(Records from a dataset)
::::
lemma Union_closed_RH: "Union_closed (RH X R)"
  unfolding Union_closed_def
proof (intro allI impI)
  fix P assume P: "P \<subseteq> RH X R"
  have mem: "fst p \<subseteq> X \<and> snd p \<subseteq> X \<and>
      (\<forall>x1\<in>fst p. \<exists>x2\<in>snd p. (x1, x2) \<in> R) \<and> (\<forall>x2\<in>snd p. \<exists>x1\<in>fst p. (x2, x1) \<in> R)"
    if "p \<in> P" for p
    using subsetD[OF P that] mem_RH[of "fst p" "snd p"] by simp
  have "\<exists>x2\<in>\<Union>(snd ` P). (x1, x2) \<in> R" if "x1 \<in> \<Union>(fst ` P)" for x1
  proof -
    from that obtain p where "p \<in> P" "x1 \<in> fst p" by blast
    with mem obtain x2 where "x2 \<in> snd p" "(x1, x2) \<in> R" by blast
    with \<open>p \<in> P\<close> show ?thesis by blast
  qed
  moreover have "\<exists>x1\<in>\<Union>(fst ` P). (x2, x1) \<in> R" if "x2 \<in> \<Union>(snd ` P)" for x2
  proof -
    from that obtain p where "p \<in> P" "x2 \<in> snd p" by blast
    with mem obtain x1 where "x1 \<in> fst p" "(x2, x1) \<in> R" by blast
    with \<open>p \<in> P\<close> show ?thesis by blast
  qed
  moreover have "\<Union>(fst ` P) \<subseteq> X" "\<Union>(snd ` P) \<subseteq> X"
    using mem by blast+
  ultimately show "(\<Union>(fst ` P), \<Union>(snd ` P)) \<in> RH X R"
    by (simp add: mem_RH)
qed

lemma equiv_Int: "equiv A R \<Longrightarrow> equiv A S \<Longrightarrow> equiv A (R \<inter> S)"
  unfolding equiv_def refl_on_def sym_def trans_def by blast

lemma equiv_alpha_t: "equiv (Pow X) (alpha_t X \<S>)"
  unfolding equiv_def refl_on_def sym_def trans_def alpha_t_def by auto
::::
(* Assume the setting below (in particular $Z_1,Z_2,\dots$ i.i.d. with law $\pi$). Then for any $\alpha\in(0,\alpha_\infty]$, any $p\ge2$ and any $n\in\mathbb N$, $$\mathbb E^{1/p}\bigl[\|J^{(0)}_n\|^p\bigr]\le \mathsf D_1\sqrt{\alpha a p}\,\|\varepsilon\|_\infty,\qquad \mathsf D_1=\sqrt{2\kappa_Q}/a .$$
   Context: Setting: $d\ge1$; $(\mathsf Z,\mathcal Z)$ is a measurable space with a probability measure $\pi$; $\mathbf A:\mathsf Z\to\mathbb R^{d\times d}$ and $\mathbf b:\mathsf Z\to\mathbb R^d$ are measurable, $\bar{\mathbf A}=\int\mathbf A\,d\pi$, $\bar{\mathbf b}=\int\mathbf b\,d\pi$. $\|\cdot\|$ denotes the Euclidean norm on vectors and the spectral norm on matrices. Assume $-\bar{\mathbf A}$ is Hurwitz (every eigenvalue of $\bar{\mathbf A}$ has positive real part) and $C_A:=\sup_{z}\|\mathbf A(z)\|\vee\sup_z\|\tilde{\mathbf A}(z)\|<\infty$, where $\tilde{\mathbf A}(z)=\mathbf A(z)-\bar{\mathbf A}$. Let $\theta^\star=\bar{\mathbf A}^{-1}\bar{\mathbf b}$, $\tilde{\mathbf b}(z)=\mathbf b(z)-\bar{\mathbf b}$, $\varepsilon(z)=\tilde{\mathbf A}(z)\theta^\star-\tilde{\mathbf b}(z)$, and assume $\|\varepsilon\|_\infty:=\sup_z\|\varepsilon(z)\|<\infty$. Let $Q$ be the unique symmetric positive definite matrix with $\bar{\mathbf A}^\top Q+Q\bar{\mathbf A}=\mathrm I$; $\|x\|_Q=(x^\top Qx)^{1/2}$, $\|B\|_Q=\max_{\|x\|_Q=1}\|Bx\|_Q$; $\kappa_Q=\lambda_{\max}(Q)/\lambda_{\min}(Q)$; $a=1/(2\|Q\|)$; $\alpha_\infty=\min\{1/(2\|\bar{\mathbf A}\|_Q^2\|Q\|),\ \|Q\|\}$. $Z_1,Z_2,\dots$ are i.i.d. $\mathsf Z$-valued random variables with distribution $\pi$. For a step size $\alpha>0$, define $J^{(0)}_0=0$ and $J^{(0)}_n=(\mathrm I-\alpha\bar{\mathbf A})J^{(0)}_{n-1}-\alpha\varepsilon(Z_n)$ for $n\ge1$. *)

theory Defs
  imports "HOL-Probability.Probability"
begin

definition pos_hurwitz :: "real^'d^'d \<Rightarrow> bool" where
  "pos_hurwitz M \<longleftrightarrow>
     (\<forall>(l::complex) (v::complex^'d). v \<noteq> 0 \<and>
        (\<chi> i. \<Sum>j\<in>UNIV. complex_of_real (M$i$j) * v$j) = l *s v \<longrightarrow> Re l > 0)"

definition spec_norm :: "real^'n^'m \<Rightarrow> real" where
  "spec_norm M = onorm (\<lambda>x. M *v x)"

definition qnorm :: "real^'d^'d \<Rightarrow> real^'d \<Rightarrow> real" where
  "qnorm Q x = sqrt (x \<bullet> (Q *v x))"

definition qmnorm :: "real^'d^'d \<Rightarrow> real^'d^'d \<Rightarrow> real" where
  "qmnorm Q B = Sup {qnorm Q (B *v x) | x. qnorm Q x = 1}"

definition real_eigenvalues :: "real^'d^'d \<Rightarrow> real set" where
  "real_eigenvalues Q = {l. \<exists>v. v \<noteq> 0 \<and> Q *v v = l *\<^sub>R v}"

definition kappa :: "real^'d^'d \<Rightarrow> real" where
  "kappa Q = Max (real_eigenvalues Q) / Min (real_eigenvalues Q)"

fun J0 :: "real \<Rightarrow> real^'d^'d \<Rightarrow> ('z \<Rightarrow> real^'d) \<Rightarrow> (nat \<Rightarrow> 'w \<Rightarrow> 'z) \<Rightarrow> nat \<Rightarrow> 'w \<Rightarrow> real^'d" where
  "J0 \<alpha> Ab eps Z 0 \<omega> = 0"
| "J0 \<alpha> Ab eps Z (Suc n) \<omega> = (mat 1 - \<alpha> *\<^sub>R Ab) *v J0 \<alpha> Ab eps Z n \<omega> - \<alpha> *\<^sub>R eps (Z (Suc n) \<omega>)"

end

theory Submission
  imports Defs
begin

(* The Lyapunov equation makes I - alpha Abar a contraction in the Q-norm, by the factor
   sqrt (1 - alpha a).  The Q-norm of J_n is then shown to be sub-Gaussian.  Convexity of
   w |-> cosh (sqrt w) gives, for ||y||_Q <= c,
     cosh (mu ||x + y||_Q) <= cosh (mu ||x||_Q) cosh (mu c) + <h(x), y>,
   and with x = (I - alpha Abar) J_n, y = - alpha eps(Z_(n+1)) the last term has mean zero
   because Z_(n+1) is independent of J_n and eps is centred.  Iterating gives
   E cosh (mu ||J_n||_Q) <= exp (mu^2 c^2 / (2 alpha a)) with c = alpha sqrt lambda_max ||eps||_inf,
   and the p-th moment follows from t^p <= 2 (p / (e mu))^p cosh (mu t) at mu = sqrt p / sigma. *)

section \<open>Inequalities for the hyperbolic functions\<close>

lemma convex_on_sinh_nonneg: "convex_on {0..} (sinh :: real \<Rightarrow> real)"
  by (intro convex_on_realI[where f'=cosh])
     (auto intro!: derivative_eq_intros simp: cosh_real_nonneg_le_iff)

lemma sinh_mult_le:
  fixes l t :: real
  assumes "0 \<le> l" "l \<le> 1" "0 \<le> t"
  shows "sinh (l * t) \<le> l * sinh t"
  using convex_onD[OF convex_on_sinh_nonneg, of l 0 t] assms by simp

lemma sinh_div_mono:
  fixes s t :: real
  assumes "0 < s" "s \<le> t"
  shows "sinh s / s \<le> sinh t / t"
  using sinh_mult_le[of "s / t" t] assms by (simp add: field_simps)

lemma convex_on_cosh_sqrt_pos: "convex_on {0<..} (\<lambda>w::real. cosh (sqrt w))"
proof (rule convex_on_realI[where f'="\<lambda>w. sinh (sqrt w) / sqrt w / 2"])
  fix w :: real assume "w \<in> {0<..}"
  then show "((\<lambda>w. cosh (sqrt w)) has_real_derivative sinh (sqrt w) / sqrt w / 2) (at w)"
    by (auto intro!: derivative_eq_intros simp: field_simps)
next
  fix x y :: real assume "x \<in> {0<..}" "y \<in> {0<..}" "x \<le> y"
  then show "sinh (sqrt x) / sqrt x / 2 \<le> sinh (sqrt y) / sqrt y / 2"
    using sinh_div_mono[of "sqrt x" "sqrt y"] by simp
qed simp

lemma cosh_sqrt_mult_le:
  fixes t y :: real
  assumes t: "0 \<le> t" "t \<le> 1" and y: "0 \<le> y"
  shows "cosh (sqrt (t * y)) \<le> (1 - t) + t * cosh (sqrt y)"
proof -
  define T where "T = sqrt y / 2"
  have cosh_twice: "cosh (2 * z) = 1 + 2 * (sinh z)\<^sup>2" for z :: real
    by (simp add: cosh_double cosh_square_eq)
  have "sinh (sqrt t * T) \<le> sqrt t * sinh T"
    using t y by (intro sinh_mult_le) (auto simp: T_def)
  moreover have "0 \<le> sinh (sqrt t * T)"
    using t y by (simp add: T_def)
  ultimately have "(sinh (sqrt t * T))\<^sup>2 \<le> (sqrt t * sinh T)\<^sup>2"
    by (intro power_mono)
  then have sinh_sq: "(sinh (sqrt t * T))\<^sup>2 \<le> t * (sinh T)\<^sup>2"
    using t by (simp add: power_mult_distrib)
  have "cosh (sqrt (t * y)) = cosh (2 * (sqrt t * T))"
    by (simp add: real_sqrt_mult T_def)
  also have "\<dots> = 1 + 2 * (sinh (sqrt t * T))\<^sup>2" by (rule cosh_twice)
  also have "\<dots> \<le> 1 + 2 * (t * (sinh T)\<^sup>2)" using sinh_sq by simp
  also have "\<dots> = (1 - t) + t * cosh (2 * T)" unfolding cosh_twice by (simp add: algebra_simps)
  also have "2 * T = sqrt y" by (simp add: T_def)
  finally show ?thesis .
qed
::::
• Problem to work on:
Beginning with the line above that contains "(l * t) \<le> l", copy each line exactly up to and including the line that contains "2 \<le> sinh", and go no further.

• Written solution:
  shows "sinh (l * t) \<le> l * sinh t"
  using convex_onD[OF convex_on_sinh_nonneg, of l 0 t] assms by simp

lemma sinh_div_mono:
  fixes s t :: real
  assumes "0 < s" "s \<le> t"
  shows "sinh s / s \<le> sinh t / t"
  using sinh_mult_le[of "s / t" t] assms by (simp add: field_simps)

lemma convex_on_cosh_sqrt_pos: "convex_on {0<..} (\<lambda>w::real. cosh (sqrt w))"
proof (rule convex_on_realI[where f'="\<lambda>w. sinh (sqrt w) / sqrt w / 2"])
  fix w :: real assume "w \<in> {0<..}"
  then show "((\<lambda>w. cosh (sqrt w)) has_real_derivative sinh (sqrt w) / sqrt w / 2) (at w)"
    by (auto intro!: derivative_eq_intros simp: field_simps)
next
  fix x y :: real assume "x \<in> {0<..}" "y \<in> {0<..}" "x \<le> y"
  then show "sinh (sqrt x) / sqrt x / 2 \<le> sinh (sqrt y) / sqrt y / 2"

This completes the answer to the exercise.